Wealth manager Spicers' quarterly Household Savings Indicators showed overall household net worth - assets minus liabilities - rose 9.7 per cent or $49 billion to $552 billion.
That is the continuation of a trend that has seen gains in net worth fall from almost 27 per cent in 2003 and 15.3 per cent in 2005.
During 2006 the value of households' financial assets rose 10.6 per cent, surpassing the increase in the value of housing assets - at 10.4 per cent - for the first time since 2001.
"Housing assets were increasing quite rapidly but that trend has been slowing while financial assets have been growing faster in the last few quarters," said Rozanna Wozniak, chief economist at Spicers' fund manager Arcus Investment Management.
"They've met in the middle."
Westpac economist Doug Steel said tentative signs that households were looking beyond housing as a means to accumulate wealth were positive.
"Some diversification of the household balance sheet would be a good thing given that we are so heavily weighted towards housing.
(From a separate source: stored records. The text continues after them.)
lemma know_mono: "s \<le> s' \<Longrightarrow> know rcv c s r \<subseteq> know rcv c s' r"
  unfolding know_eq_span received_def by (rule V.span_mono) auto

lemma know_Suc:
  "know rcv c (Suc s) r = (if rcv s r then V.span (insert (c s) (received s r)) else know rcv c s r)"
  unfolding know_eq_span received_def by (auto simp: less_Suc_eq intro!: arg_cong[of _ _ V.span])

lemma know_in_sender_space_if:
  "(\<And>s'. s' < s \<Longrightarrow> c s' \<in> sender_space b) \<Longrightarrow> know rcv c s r \<subseteq> sender_space b"
  unfolding know_eq_span received_def by (rule V.span_minimal[OF _ subspace_sender_space]) auto

lemma coded_indices_subset:
  assumes "\<And>r. know rcv c s r \<subseteq> sender_space B"
  shows "coded_indices s \<subseteq> {1..A s}"
  using next_unseen_ge_1[OF assms] unfolding coded_indices_def by auto

lemma transmission_coefficients:
  assumes "\<And>r. know rcv c s r \<subseteq> sender_space B"
  obtains \<alpha> where
    "\<And>r. r < n \<Longrightarrow> next_unseen (know rcv c s r) \<in> coded_indices s \<Longrightarrow>
      \<alpha> (next_unseen (know rcv c s r)) \<noteq>
        (\<Sum>u'\<in>{u'\<in>coded_indices s. u' < next_unseen (know rcv c s r)}.
           scl (\<alpha> u') (witness (know rcv c s r) u')) (next_unseen (know rcv c s r))"
    and "\<And>i. c s i = (if i \<in> coded_indices s then \<alpha> i else 0)"
proof -
  obtain \<alpha> where
    \<alpha>: "\<And>r. r < n \<Longrightarrow> next_unseen (know rcv c s r) \<in> coded_indices s \<Longrightarrow>
      \<alpha> (next_unseen (know rcv c s r)) \<noteq>
        (\<Sum>u'\<in>{u'\<in>coded_indices s. u' < next_unseen (know rcv c s r)}.
           scl (\<alpha> u') (witness (know rcv c s r) u')) (next_unseen (know rcv c s r))"
    and c: "c s = (\<Sum>u\<in>coded_indices s. scl (\<alpha> u) (unitv u))"
    using coding[of s] unfolding coding_ok_def Let_def coded_indices_def by blast
  have "finite (coded_indices s)"
    using coded_indices_subset[OF assms] by (rule finite_subset) simp
  then have "c s i = (if i \<in> coded_indices s then \<alpha> i else 0)" for i
    unfolding c by (rule sum_unitv_apply)
  with \<alpha> show thesis
    by (rule that)
qed

lemma transmission_in_sender_space: "c s \<in> sender_space (A s)"
proof (induction s rule: less_induct)
  case (less s)
  have "c s' \<in> sender_space (A s)" if "s' < s" for s'
    by (rule subsetD[OF sender_space_mono[OF monoD[OF mono_arrivals less_imp_le[OF that]]] less[OF that]])
  then have know: "know rcv c s r \<subseteq> sender_space (A s)" for r
    by (rule know_in_sender_space_if)
  obtain \<alpha> where "\<And>i. c s i = (if i \<in> coded_indices s then \<alpha> i else 0)"
    using transmission_coefficients[OF know] by blast
  then show ?case
    using coded_indices_subset[OF know] by (auto simp: mem_sender_space)
qed

lemma transmission_in_later_sender_space: "s' \<le> s \<Longrightarrow> c s' \<in> sender_space (A s)"
  by (rule subsetD[OF sender_space_mono[OF monoD[OF mono_arrivals]] transmission_in_sender_space])

lemma know_in_sender_space: "know rcv c s r \<subseteq> sender_space (A s)"
  by (rule know_in_sender_space_if) (simp add: transmission_in_later_sender_space)

lemma know_Suc_in_sender_space: "know rcv c (Suc s) r \<subseteq> sender_space (A s)"
  by (rule know_in_sender_space_if) (simp add: transmission_in_later_sender_space)

text \<open>The coefficient rule of the coding module is exactly what makes a receiver that gets the
  packet see its next unseen packet: subtracting from the received vector the witnesses of the
  earlier coded packets leaves a vector whose leading coefficient sits at that packet.\<close>

lemma reception_sees_next_unseen:
  assumes "r < n" "rcv s r" "seen_prefix (know rcv c s r) m" "Suc m \<le> A s"
  shows "seen (know rcv c (Suc s) r) (Suc m)"
proof -
  define K where "K = know rcv c s r"
  have K: "V.subspace K" "K \<subseteq> sender_space (A s)"
    unfolding K_def by (rule subspace_know, rule know_in_sender_space)
  have next_unseen: "next_unseen K = Suc m"
    unfolding K_def using assms(3) by (rule next_unseen_seen_prefix)
  then have coded: "Suc m \<in> coded_indices s"
    using assms(1,4) unfolding coded_indices_def K_def by force
  obtain \<alpha> where
    \<alpha>: "\<And>r. r < n \<Longrightarrow> next_unseen (know rcv c s r) \<in> coded_indices s \<Longrightarrow>
      \<alpha> (next_unseen (know rcv c s r)) \<noteq>
        (\<Sum>u'\<in>{u'\<in>coded_indices s. u' < next_unseen (know rcv c s r)}.
           scl (\<alpha> u') (witness (know rcv c s r) u')) (next_unseen (know rcv c s r))"
    and c: "\<And>i. c s i = (if i \<in> coded_indices s then \<alpha> i else 0)"
    using transmission_coefficients[of s, OF know_in_sender_space] by blast
  have \<alpha>_next: "\<alpha> (Suc m) \<noteq> (\<Sum>u\<in>{u\<in>coded_indices s. u < Suc m}. scl (\<alpha> u) (witness K u)) (Suc m)"
    using \<alpha>[OF assms(1)] coded next_unseen unfolding K_def by simp
  define U where "U = {u\<in>coded_indices s. u < Suc m}"
  define y where "y = (\<Sum>u\<in>U. scl (\<alpha> u) (witness K u))"
  have "U \<subseteq> {1..m}"
    using coded_indices_subset[of s, OF know_in_sender_space] unfolding U_def by auto
  then have "finite U"
    by (rule finite_subset) simp
  have U_seen: "\<forall>u\<in>U. seen K u"
    using \<open>U \<subseteq> {1..m}\<close> assms(3) unfolding K_def by (auto simp: seen_prefix_iff)
  have "y \<in> K"
    unfolding y_def using is_witness_witness[OF K] U_seen
    by (intro V.subspace_sum[OF K(1)] V.subspace_scale[OF K(1)]) (auto simp: is_witness_def)
  have y_low: "y i = c s i" if "i < Suc m" for i
  proof (cases "i = 0")
    case True
    then show ?thesis
      using \<open>y \<in> K\<close> K(2) transmission_in_sender_space[of s] by (auto simp: mem_sender_space)
  next
    case False
    then have "seen K i"
      using that assms(3) unfolding K_def by (simp add: seen_prefix_iff)
    then show ?thesis
      unfolding y_def using witness_combination_at_seen[OF K \<open>finite U\<close> U_seen] that c
      by (simp add: U_def)
  qed
  have "c s \<in> know rcv c (Suc s) r"
    using assms(2) by (simp add: know_Suc V.span_base)
  moreover have "y \<in> know rcv c (Suc s) r"
    using \<open>y \<in> K\<close> know_mono[of s "Suc s" r] unfolding K_def by auto
  ultimately have mem: "c s - y \<in> know rcv c (Suc s) r"
    by (rule V.subspace_diff[OF subspace_know])
  have nonzero: "(c s - y) (Suc m) \<noteq> 0"
    using \<alpha>_next c coded unfolding y_def U_def by simp
  have below: "\<forall>i<Suc m. (c s - y) i = 0"
    using y_low by simp
  show ?thesis
    by (rule seen_if_leading_coeff[OF subspace_know mem _ nonzero below]) simp
qed

lemma reception_extends_seen_prefix:
  assumes "r < n" "rcv s r" "seen_prefix (know rcv c s r) m" "Suc m \<le> A s"
  shows "seen_prefix (know rcv c (Suc s) r) (Suc m)"
proof -
  have eq: "know rcv c (Suc s) r = V.span (insert (c s) (received s r))"
    using assms(2) by (simp add: know_Suc)
  have "seen_prefix (V.span (received s r)) m"
    using assms(3) by (simp add: know_eq_span)
  moreover have "seen (V.span (insert (c s) (received s r))) (Suc m)"
    using reception_sees_next_unseen[OF assms] unfolding eq .
  ultimately show ?thesis
    unfolding eq by (rule seen_prefix_insert)
qed

lemma seen_prefix_without_arrivals:
  assumes "seen_prefix (know rcv c s r) m" "A s \<le> m"
  shows "seen_prefix (know rcv c (Suc s) r) m"
  using assms(1) know_mono[of s "Suc s" r]
    order.trans[OF know_Suc_in_sender_space sender_space_mono[OF assms(2)]]
  by (rule seen_prefix_superspace) simp

lemma seen_prefix_exists: "r < n \<Longrightarrow> \<exists>m. seen_prefix (know rcv c s r) m"
proof (induction s)
  case 0
  have "know rcv c 0 r = {0}"
    by (simp add: know_eq_span received_def)
  then have "seen_prefix (know rcv c 0 r) 0"
    by (auto simp: seen_prefix_def seen_def)
  then show ?case ..
next
  case (Suc s)
  then obtain m where m: "seen_prefix (know rcv c s r) m"
    by blast
  consider "\<not> rcv s r" | "rcv s r" "Suc m \<le> A s" | "A s \<le> m"
    by linarith
  then show ?case
  proof cases
    case 1
    then show ?thesis
      using m by (auto simp: know_Suc)
  qed (use m Suc.prems reception_extends_seen_prefix seen_prefix_without_arrivals in blast)+
qed

text \<open>A leader's next unseen packet has the largest index among all receivers, so up to the current
  slot no transmission has involved a packet beyond it.\<close>

lemma leader_bounds_transmissions:
  assumes "is_leader n (know rcv c t) j" "seen_prefix (know rcv c t j) m" "s \<le> t"
  shows "c s \<in> sender_space (Suc m)"
proof -
  have bound: "u \<le> Suc m" if "u \<in> coded_indices s" for u
  proof -
    obtain r where r: "r < n" "u = next_unseen (know rcv c s r)"
      using \<open>u \<in> coded_indices s\<close> unfolding coded_indices_def by blast
    obtain m\<^sub>s m\<^sub>t where m\<^sub>s: "seen_prefix (know rcv c s r) m\<^sub>s" and m\<^sub>t: "seen_prefix (know rcv c t r) m\<^sub>t"
      using seen_prefix_exists[OF r(1)] by blast
    have "num_seen (know rcv c t r) \<le> num_seen (know rcv c t j)"
      using assms(1) r(1) unfolding is_leader_def by blast
    then have "m\<^sub>t \<le> m"
      by (simp add: num_seen_seen_prefix[OF m\<^sub>t] num_seen_seen_prefix[OF assms(2)])
    moreover have "m\<^sub>s \<le> m\<^sub>t"
      using m\<^sub>s m\<^sub>t know_mono[OF assms(3)] by (rule seen_prefix_le)
    ultimately show ?thesis
      using r(2) next_unseen_seen_prefix[OF m\<^sub>s] by simp
  qed
  obtain \<alpha> where c: "\<And>i. c s i = (if i \<in> coded_indices s then \<alpha> i else 0)"
    using transmission_coefficients[of s, OF know_in_sender_space] by blast
  have "c s i = 0" if "Suc m < i" for i
    using c[of i] bound[of i] that by (cases "i \<in> coded_indices s") auto
  moreover have "c s 0 = 0"
    using transmission_in_sender_space[of s] by (simp add: mem_sender_space)
  ultimately show ?thesis
    by (simp add: mem_sender_space)
qed

lemma leader_reception_decodes:
  assumes "j < n" "rcv t j" "is_leader n (know rcv c t) j"
  shows "decoding_event (know rcv c (Suc t) j)"
proof -
  obtain m where m: "seen_prefix (know rcv c t j) m"
    using seen_prefix_exists[OF assms(1)] by blast
  show ?thesis
  proof (cases "Suc m \<le> A t")
    case True
    have "know rcv c (Suc t) j \<subseteq> sender_space (Suc m)"
      using leader_bounds_transmissions[OF assms(3) m] by (intro know_in_sender_space_if) simp
    then show ?thesis
      using reception_extends_seen_prefix[OF assms(1,2) m True]
      by (intro decoding_event_if_seen_prefix[OF subspace_know])
  next
    case False
    then have "know rcv c (Suc t) j \<subseteq> sender_space m"
      using know_Suc_in_sender_space sender_space_mono[of "A t" m] by force
    then show ?thesis
      using seen_prefix_without_arrivals[OF m] False
      by (intro decoding_event_if_seen_prefix[OF subspace_know]) simp_all
  qed
qed

lemma empty_queue_decodes:
  assumes "vqueue (A t) (know rcv c (Suc t) j) = 0"
  shows "decoding_event (know rcv c (Suc t) j)"
proof -
  define K where "K = know rcv c (Suc t) j"
  define W where "W = (unitv ` {1..A t} :: (nat \<Rightarrow> 'a) set)"
  have K: "V.subspace K" "K \<subseteq> sender_space (A t)"
    unfolding K_def by (rule subspace_know, rule know_Suc_in_sender_space)
  have "kdim (sender_space (A t) :: (nat \<Rightarrow> 'a) set) = A t"
    by (rule kdim_sender_space)
  then have "card W \<le> V.dim K"
    using assms unfolding vqueue_def kdim_eq_dim K_def W_def
    by (simp add: card_image inj_on_def unitv_eq_iff)
  moreover have "K \<subseteq> V.span W"
    using K(2) unfolding W_def sender_space_def kspan_eq_span .
  ultimately have "W \<subseteq> K"
    using V.subspace_full_dim_contains_spanning_set[OF K(1)] unfolding W_def by blast
  then show ?thesis
    using seen_le_bound[OF K(2)] unfolding decoding_event_def decoded_def K_def W_def by auto
qed

end

text \<open>The bound on the field size is what guarantees that a coefficient choice as in the coding
  module exists; here that existence is part of the hypothesis \<open>coding_ok\<close>.\<close>

theorem theorem10:
  fixes n :: nat and A :: "nat \<Rightarrow> nat" and rcv :: "nat \<Rightarrow> nat \<Rightarrow> bool"
    and c :: "nat \<Rightarrow> nat \<Rightarrow> 'a::{field,finite}" and t j :: nat
  assumes "card (UNIV :: 'a set) \<ge> n"
    and "mono A"
    and "\<forall>s. coding_ok n (A s) (know rcv c s) (c s)"
    and "j < n"
    and "rcv t j"
    and "vqueue (A t) (know rcv c (Suc t) j) = 0 \<or> is_leader n (know rcv c t) j"
  shows "decoding_event (know rcv c (Suc t) j)"
proof -
  interpret algorithm_2b n A rcv c
    using assms(2,3) by unfold_locales blast+
  show ?thesis
    using assms(4-6) empty_queue_decodes leader_reception_decodes by blast
qed

end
Being so undiversified does carry risk.
"To the extent that is happening, it is an encouraging sign. Financial assets are a little more productive than housing assets, long may it continue."
While the housing market still had considerable momentum, "the magnitude of the rises that we're seeing now are much smaller than they were a few years ago and we did have a cool down last winter", Wozniak said.
The largest portion of the annual $14.4 billion increase in total financial assets was the $9.6 billion more New Zealanders poured into bank deposits, the biggest annual rise in the 16 years that Spicers has produced the data.
"The economy's been a bit softer, there's been a few concerns with finance companies last year and we're seeing consumers opt for less risky assets," said Wozniak.
Some of the increase in financial assets was due to the strong performance of shares. The value of private shareholdings increased by an estimated 12.8 per cent or $1.8 billion over the three months to the end of the year.
Meanwhile, the value of managed funds held by households increased by 4.8 per cent over the year to $43 billion.
Binu Paul, chief executive of industry research company Fundsource, noted the net inflows of money to managed funds last year had been positive - for the first time since 2001.
Getting richer
* Household net worth rose by 3.8 per cent over the December quarter and 9.7 per cent over the year to $552 billion, says fund manager Spicers.
* Per household that represents an $11,700 quarterly increase or $26,600 over the year to $352,000.
* Spicers says that while the housing market has cooled from its peaks, households have increased savings through bank deposits, shares and managed funds.